* YOUR ASSIGNMENT *
From the first entry to the last, repeat them all exactly.

[MATERIAL FOR THIS TASK — start]

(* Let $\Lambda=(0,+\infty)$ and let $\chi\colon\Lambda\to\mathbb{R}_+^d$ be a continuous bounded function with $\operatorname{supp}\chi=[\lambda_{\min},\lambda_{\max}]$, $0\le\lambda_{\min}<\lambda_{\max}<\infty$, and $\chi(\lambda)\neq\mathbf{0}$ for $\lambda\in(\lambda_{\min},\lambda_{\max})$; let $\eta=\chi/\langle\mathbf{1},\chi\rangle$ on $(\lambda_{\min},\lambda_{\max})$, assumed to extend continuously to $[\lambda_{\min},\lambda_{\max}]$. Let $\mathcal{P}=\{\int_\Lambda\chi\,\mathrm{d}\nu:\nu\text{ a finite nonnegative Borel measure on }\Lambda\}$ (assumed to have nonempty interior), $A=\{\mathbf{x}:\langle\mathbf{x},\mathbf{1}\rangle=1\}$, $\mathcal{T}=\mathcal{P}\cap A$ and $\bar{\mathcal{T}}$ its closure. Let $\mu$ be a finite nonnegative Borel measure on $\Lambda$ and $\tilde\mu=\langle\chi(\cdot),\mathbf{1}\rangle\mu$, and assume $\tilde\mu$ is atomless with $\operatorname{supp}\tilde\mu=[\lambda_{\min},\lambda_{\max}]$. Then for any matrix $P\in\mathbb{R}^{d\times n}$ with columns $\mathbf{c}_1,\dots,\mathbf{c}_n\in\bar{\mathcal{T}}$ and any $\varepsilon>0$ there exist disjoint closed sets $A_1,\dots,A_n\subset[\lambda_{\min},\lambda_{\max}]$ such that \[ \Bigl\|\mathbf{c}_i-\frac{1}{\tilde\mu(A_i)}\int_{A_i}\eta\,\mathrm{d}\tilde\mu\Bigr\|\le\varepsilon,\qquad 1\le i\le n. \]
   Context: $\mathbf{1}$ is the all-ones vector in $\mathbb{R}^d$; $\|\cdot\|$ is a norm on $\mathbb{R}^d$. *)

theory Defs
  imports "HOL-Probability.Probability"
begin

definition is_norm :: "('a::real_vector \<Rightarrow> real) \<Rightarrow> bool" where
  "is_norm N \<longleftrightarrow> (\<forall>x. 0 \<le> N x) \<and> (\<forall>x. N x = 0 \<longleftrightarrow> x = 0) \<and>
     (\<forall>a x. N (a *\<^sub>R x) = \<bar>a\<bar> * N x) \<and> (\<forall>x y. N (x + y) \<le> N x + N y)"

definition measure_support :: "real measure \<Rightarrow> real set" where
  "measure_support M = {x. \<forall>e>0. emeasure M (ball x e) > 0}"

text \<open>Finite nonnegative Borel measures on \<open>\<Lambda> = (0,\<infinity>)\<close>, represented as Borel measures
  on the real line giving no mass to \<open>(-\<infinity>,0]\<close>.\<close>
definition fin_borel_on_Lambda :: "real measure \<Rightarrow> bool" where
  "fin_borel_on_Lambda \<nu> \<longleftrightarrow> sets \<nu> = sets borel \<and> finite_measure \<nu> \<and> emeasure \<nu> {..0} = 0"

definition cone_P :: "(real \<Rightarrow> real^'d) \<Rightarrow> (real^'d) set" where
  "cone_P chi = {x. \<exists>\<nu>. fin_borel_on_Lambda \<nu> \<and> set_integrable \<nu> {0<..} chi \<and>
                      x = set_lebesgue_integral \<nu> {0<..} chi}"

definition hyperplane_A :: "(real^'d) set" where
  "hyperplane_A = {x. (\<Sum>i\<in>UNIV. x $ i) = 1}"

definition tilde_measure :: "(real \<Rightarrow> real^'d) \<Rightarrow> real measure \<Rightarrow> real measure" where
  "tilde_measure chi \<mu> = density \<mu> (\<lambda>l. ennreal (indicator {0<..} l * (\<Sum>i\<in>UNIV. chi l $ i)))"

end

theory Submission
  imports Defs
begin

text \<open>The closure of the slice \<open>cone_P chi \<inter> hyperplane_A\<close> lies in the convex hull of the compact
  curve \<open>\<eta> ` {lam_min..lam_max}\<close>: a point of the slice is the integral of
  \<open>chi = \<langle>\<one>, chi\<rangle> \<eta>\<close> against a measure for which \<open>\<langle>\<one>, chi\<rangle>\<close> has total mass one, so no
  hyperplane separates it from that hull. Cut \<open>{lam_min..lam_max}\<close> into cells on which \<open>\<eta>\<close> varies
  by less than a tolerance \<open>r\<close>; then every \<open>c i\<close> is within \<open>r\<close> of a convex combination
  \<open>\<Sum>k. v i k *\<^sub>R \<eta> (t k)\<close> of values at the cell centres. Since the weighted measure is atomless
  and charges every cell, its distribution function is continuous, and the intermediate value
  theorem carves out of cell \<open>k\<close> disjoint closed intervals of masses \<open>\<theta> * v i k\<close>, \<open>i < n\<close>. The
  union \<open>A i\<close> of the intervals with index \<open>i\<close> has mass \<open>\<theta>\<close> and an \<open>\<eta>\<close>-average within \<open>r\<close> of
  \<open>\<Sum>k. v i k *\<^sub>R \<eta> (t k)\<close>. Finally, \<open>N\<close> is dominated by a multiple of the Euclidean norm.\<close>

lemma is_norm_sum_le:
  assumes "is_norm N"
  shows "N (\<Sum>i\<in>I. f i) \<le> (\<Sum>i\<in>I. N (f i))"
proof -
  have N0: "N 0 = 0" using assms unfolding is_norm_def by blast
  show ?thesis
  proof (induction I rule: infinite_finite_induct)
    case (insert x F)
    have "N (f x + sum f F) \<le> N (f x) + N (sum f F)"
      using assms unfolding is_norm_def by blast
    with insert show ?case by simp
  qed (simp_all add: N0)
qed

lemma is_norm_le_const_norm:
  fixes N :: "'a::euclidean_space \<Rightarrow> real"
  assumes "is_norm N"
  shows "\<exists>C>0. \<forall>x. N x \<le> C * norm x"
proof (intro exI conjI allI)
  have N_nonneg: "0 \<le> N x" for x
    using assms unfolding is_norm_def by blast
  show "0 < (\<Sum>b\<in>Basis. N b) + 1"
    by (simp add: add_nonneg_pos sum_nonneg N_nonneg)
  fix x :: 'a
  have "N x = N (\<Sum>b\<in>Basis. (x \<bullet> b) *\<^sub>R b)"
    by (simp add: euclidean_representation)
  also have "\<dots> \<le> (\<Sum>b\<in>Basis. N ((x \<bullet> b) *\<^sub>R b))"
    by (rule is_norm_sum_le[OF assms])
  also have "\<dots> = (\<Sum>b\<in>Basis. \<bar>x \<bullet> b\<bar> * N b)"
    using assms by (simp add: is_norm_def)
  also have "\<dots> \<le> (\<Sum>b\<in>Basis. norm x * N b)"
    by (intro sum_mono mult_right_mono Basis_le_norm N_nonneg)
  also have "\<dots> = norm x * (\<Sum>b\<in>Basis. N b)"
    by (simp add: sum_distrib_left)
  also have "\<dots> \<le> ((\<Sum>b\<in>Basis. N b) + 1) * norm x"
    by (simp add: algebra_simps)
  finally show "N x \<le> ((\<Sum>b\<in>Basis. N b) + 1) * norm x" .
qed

[MATERIAL FOR THIS TASK — finish]

* RESULT OF THIS EXERCISE *
(* Let $\Lambda=(0,+\infty)$ and let $\chi\colon\Lambda\to\mathbb{R}_+^d$ be a continuous bounded function with $\operatorname{supp}\chi=[\lambda_{\min},\lambda_{\max}]$, $0\le\lambda_{\min}<\lambda_{\max}<\infty$, and $\chi(\lambda)\neq\mathbf{0}$ for $\lambda\in(\lambda_{\min},\lambda_{\max})$; let $\eta=\chi/\langle\mathbf{1},\chi\rangle$ on $(\lambda_{\min},\lambda_{\max})$, assumed to extend continuously to $[\lambda_{\min},\lambda_{\max}]$. Let $\mathcal{P}=\{\int_\Lambda\chi\,\mathrm{d}\nu:\nu\text{ a finite nonnegative Borel measure on }\Lambda\}$ (assumed to have nonempty interior), $A=\{\mathbf{x}:\langle\mathbf{x},\mathbf{1}\rangle=1\}$, $\mathcal{T}=\mathcal{P}\cap A$ and $\bar{\mathcal{T}}$ its closure. Let $\mu$ be a finite nonnegative Borel measure on $\Lambda$ and $\tilde\mu=\langle\chi(\cdot),\mathbf{1}\rangle\mu$, and assume $\tilde\mu$ is atomless with $\operatorname{supp}\tilde\mu=[\lambda_{\min},\lambda_{\max}]$. Then for any matrix $P\in\mathbb{R}^{d\times n}$ with columns $\mathbf{c}_1,\dots,\mathbf{c}_n\in\bar{\mathcal{T}}$ and any $\varepsilon>0$ there exist disjoint closed sets $A_1,\dots,A_n\subset[\lambda_{\min},\lambda_{\max}]$ such that \[ \Bigl\|\mathbf{c}_i-\frac{1}{\tilde\mu(A_i)}\int_{A_i}\eta\,\mathrm{d}\tilde\mu\Bigr\|\le\varepsilon,\qquad 1\le i\le n. \]
   Context: $\mathbf{1}$ is the all-ones vector in $\mathbb{R}^d$; $\|\cdot\|$ is a norm on $\mathbb{R}^d$. *)

theory Defs
  imports "HOL-Probability.Probability"
begin

definition is_norm :: "('a::real_vector \<Rightarrow> real) \<Rightarrow> bool" where
  "is_norm N \<longleftrightarrow> (\<forall>x. 0 \<le> N x) \<and> (\<forall>x. N x = 0 \<longleftrightarrow> x = 0) \<and>
     (\<forall>a x. N (a *\<^sub>R x) = \<bar>a\<bar> * N x) \<and> (\<forall>x y. N (x + y) \<le> N x + N y)"

definition measure_support :: "real measure \<Rightarrow> real set" where
  "measure_support M = {x. \<forall>e>0. emeasure M (ball x e) > 0}"

text \<open>Finite nonnegative Borel measures on \<open>\<Lambda> = (0,\<infinity>)\<close>, represented as Borel measures
  on the real line giving no mass to \<open>(-\<infinity>,0]\<close>.\<close>
definition fin_borel_on_Lambda :: "real measure \<Rightarrow> bool" where
  "fin_borel_on_Lambda \<nu> \<longleftrightarrow> sets \<nu> = sets borel \<and> finite_measure \<nu> \<and> emeasure \<nu> {..0} = 0"

definition cone_P :: "(real \<Rightarrow> real^'d) \<Rightarrow> (real^'d) set" where
  "cone_P chi = {x. \<exists>\<nu>. fin_borel_on_Lambda \<nu> \<and> set_integrable \<nu> {0<..} chi \<and>
                      x = set_lebesgue_integral \<nu> {0<..} chi}"

definition hyperplane_A :: "(real^'d) set" where
  "hyperplane_A = {x. (\<Sum>i\<in>UNIV. x $ i) = 1}"

definition tilde_measure :: "(real \<Rightarrow> real^'d) \<Rightarrow> real measure \<Rightarrow> real measure" where
  "tilde_measure chi \<mu> = density \<mu> (\<lambda>l. ennreal (indicator {0<..} l * (\<Sum>i\<in>UNIV. chi l $ i)))"

end

theory Submission
  imports Defs
begin

text \<open>The closure of the slice \<open>cone_P chi \<inter> hyperplane_A\<close> lies in the convex hull of the compact
  curve \<open>\<eta> ` {lam_min..lam_max}\<close>: a point of the slice is the integral of
  \<open>chi = \<langle>\<one>, chi\<rangle> \<eta>\<close> against a measure for which \<open>\<langle>\<one>, chi\<rangle>\<close> has total mass one, so no
  hyperplane separates it from that hull. Cut \<open>{lam_min..lam_max}\<close> into cells on which \<open>\<eta>\<close> varies
  by less than a tolerance \<open>r\<close>; then every \<open>c i\<close> is within \<open>r\<close> of a convex combination
  \<open>\<Sum>k. v i k *\<^sub>R \<eta> (t k)\<close> of values at the cell centres. Since the weighted measure is atomless
  and charges every cell, its distribution function is continuous, and the intermediate value
  theorem carves out of cell \<open>k\<close> disjoint closed intervals of masses \<open>\<theta> * v i k\<close>, \<open>i < n\<close>. The
  union \<open>A i\<close> of the intervals with index \<open>i\<close> has mass \<open>\<theta>\<close> and an \<open>\<eta>\<close>-average within \<open>r\<close> of
  \<open>\<Sum>k. v i k *\<^sub>R \<eta> (t k)\<close>. Finally, \<open>N\<close> is dominated by a multiple of the Euclidean norm.\<close>

lemma is_norm_sum_le:
  assumes "is_norm N"
  shows "N (\<Sum>i\<in>I. f i) \<le> (\<Sum>i\<in>I. N (f i))"
proof -
  have N0: "N 0 = 0" using assms unfolding is_norm_def by blast
  show ?thesis
  proof (induction I rule: infinite_finite_induct)
    case (insert x F)
    have "N (f x + sum f F) \<le> N (f x) + N (sum f F)"
      using assms unfolding is_norm_def by blast
    with insert show ?case by simp
  qed (simp_all add: N0)
qed

lemma is_norm_le_const_norm:
  fixes N :: "'a::euclidean_space \<Rightarrow> real"
  assumes "is_norm N"
  shows "\<exists>C>0. \<forall>x. N x \<le> C * norm x"
proof (intro exI conjI allI)
  have N_nonneg: "0 \<le> N x" for x
    using assms unfolding is_norm_def by blast
  show "0 < (\<Sum>b\<in>Basis. N b) + 1"
    by (simp add: add_nonneg_pos sum_nonneg N_nonneg)
  fix x :: 'a
  have "N x = N (\<Sum>b\<in>Basis. (x \<bullet> b) *\<^sub>R b)"
    by (simp add: euclidean_representation)
  also have "\<dots> \<le> (\<Sum>b\<in>Basis. N ((x \<bullet> b) *\<^sub>R b))"
    by (rule is_norm_sum_le[OF assms])
  also have "\<dots> = (\<Sum>b\<in>Basis. \<bar>x \<bullet> b\<bar> * N b)"
    using assms by (simp add: is_norm_def)
  also have "\<dots> \<le> (\<Sum>b\<in>Basis. norm x * N b)"
    by (intro sum_mono mult_right_mono Basis_le_norm N_nonneg)
  also have "\<dots> = norm x * (\<Sum>b\<in>Basis. N b)"
    by (simp add: sum_distrib_left)
  also have "\<dots> \<le> ((\<Sum>b\<in>Basis. N b) + 1) * norm x"
    by (simp add: algebra_simps)
  finally show "N x \<le> ((\<Sum>b\<in>Basis. N b) + 1) * norm x" .
qed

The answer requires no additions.